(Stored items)
=== Section Start ===

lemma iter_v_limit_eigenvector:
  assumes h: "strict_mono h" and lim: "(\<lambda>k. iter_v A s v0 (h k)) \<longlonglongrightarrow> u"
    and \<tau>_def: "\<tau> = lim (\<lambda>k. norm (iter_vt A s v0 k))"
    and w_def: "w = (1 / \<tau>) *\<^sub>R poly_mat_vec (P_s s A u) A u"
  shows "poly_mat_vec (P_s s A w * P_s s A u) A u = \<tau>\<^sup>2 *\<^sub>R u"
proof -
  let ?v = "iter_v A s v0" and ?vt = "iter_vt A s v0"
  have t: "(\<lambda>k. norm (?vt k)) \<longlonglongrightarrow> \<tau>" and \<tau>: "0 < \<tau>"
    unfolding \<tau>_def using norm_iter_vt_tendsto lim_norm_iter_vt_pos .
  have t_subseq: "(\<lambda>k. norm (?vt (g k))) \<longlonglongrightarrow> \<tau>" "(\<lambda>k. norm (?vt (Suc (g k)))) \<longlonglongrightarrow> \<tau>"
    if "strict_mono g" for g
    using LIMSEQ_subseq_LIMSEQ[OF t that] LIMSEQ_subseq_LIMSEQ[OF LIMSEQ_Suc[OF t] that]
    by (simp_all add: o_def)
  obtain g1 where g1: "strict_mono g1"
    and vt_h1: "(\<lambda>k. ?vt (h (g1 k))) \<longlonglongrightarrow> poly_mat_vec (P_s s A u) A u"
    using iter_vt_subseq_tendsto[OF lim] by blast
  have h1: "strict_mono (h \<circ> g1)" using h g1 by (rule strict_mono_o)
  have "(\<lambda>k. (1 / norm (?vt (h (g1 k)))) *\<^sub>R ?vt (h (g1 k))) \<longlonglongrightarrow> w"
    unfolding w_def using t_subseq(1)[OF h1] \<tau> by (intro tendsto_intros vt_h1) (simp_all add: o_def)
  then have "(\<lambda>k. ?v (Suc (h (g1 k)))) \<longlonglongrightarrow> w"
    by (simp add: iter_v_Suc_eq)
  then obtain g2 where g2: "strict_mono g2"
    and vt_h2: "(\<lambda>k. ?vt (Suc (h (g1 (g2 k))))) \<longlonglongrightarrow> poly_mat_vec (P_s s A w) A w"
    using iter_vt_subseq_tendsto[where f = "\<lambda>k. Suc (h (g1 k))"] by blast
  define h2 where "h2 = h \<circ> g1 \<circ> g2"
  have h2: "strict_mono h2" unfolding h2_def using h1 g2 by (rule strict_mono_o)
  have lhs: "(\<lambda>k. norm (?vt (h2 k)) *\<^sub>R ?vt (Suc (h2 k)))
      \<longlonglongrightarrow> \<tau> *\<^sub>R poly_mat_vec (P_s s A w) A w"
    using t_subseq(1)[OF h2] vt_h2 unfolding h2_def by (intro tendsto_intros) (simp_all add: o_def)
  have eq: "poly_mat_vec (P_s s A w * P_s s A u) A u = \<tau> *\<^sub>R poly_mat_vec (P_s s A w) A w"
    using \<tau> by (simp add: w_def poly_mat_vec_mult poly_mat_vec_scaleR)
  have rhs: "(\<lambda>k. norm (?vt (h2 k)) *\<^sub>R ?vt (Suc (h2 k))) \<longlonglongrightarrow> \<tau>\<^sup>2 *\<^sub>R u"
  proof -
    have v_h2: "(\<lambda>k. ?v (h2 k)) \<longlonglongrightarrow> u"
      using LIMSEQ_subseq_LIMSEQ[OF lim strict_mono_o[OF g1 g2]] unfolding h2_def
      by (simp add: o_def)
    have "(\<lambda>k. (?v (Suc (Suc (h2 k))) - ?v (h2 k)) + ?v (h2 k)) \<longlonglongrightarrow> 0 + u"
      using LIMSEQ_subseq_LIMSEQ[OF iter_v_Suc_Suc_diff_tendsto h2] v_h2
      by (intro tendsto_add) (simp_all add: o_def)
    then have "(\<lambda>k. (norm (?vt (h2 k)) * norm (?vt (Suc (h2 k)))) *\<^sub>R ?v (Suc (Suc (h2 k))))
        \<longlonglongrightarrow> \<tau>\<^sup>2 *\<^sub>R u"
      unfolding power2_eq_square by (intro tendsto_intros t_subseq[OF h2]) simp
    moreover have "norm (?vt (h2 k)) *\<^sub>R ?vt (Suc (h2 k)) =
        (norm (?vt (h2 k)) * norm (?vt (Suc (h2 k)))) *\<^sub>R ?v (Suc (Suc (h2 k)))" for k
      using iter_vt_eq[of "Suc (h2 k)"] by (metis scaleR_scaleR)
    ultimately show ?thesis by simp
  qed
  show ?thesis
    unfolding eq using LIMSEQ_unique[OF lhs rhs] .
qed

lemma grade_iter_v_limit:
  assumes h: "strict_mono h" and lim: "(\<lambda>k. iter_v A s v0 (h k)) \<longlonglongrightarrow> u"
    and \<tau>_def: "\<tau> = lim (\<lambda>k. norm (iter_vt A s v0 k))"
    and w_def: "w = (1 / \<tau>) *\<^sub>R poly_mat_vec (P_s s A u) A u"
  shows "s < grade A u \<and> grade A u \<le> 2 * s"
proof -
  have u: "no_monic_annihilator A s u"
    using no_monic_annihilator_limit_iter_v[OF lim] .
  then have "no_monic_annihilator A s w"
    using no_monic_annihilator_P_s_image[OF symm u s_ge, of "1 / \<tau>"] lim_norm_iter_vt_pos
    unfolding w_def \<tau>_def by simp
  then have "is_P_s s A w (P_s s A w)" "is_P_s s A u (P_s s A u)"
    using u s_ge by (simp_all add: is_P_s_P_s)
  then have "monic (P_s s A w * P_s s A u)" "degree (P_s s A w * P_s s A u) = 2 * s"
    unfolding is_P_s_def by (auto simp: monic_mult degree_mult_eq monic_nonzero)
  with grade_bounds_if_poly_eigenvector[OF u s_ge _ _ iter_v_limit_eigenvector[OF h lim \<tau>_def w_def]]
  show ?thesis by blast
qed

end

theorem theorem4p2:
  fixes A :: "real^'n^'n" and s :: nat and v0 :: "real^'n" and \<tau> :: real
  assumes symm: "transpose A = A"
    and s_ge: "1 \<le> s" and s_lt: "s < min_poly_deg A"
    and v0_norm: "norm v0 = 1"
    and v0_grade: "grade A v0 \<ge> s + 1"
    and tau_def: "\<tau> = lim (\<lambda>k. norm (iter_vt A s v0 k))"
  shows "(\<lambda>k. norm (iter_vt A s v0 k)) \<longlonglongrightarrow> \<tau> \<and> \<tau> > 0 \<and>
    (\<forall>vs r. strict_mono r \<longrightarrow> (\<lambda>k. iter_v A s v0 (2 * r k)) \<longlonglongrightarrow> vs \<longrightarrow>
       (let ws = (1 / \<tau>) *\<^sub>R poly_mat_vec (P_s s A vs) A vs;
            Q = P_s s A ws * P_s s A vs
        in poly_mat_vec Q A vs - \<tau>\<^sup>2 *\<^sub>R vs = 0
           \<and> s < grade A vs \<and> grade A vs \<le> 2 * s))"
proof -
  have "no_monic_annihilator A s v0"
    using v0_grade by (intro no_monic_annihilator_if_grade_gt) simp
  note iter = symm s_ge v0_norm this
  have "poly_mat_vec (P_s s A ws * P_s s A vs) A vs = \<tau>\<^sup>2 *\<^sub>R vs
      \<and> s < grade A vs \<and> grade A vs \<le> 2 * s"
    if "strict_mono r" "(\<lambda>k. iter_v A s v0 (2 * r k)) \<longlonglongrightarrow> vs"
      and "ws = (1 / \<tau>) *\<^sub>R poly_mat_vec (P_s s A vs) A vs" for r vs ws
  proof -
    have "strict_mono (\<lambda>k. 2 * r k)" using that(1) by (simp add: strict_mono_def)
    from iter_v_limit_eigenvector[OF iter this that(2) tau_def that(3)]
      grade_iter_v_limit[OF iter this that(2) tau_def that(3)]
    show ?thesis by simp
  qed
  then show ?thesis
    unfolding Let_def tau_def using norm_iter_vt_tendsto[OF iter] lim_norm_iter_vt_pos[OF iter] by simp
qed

=== Section End ===
=== Section Start ===

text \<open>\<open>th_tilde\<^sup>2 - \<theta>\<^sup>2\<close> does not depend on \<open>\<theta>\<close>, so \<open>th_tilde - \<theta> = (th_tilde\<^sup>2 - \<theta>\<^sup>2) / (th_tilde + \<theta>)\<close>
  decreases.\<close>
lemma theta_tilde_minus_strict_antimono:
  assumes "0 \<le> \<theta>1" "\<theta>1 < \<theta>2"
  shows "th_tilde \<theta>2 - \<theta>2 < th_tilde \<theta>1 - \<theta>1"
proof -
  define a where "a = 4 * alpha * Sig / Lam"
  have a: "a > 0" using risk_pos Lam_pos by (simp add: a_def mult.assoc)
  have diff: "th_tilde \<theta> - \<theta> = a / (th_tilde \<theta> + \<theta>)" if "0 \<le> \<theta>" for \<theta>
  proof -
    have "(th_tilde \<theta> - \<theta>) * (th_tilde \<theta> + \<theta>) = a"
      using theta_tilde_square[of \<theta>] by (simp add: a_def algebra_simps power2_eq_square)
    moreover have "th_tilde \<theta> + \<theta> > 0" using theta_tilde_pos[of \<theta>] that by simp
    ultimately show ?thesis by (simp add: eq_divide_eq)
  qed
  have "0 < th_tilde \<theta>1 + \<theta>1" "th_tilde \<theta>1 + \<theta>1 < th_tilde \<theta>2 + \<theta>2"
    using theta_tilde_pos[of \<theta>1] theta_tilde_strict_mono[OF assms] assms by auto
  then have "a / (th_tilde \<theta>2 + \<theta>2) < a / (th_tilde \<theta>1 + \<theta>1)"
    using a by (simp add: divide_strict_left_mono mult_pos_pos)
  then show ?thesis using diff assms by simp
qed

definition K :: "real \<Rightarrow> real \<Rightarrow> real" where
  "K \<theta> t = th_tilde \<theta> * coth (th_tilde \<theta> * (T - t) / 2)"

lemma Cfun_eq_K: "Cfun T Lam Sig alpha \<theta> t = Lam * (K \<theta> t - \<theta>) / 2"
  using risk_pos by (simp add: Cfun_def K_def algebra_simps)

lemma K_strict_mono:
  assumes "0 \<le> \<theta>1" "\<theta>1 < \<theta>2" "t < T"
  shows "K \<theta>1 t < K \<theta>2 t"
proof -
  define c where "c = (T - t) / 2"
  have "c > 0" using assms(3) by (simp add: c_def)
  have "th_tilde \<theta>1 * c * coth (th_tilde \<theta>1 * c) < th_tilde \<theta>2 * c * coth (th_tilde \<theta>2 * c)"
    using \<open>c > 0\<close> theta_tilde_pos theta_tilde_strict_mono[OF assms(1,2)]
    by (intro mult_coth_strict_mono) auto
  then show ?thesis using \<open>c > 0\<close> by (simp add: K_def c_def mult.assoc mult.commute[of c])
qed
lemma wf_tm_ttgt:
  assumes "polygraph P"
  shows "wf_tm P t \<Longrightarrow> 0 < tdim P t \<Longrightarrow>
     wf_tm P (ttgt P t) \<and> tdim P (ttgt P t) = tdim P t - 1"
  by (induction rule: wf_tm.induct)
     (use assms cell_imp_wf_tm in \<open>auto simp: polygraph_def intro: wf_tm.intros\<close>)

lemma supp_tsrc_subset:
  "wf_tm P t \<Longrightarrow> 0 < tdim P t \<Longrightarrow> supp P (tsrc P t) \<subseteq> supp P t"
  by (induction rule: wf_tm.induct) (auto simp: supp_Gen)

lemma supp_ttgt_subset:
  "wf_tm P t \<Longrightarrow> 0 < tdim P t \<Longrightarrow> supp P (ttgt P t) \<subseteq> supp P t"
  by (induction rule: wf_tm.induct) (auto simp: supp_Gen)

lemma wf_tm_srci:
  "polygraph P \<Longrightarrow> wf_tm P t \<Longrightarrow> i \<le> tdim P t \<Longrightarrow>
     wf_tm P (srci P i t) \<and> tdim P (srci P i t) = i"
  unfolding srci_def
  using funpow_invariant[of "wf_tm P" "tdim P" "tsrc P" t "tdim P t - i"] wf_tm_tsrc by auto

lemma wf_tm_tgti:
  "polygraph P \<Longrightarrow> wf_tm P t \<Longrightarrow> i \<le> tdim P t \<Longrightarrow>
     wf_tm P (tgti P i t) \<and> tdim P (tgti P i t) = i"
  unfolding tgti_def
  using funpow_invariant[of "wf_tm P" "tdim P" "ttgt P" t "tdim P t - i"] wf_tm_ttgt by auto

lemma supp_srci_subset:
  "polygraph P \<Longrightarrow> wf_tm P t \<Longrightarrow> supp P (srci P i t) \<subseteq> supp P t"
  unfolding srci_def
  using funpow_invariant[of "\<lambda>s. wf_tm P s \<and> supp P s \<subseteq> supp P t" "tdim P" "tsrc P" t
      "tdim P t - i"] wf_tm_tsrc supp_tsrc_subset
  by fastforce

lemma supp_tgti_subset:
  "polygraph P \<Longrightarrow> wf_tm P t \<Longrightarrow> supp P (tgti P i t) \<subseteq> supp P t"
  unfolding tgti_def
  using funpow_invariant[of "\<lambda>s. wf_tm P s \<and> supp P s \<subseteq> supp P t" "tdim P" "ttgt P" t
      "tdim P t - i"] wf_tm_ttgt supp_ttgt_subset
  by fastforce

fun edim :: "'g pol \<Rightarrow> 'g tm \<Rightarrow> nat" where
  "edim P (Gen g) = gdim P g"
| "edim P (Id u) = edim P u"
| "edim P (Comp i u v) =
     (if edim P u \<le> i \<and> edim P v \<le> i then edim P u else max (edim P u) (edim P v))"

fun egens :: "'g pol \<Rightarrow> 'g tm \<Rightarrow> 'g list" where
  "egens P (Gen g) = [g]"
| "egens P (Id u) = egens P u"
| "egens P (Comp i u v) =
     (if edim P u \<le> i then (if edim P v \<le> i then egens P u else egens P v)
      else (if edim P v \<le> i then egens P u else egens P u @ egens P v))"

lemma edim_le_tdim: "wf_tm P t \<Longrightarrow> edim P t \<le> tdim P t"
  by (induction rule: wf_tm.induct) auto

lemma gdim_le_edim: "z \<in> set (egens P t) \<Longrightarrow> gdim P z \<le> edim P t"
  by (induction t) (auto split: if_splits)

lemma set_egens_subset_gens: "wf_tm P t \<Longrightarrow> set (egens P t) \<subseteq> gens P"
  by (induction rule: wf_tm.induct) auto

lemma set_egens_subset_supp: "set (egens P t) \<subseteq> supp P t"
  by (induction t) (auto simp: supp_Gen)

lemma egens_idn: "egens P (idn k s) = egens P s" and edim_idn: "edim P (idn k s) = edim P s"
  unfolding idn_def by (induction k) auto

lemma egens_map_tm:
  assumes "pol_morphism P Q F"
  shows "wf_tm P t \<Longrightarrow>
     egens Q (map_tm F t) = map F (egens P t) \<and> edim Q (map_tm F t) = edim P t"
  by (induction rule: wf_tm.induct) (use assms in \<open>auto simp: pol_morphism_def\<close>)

=== Section End ===

» WHAT TO DO: A single number is required: the count of lines in the records that include the string "obtain".

» EXERCISE SOLUTION: 2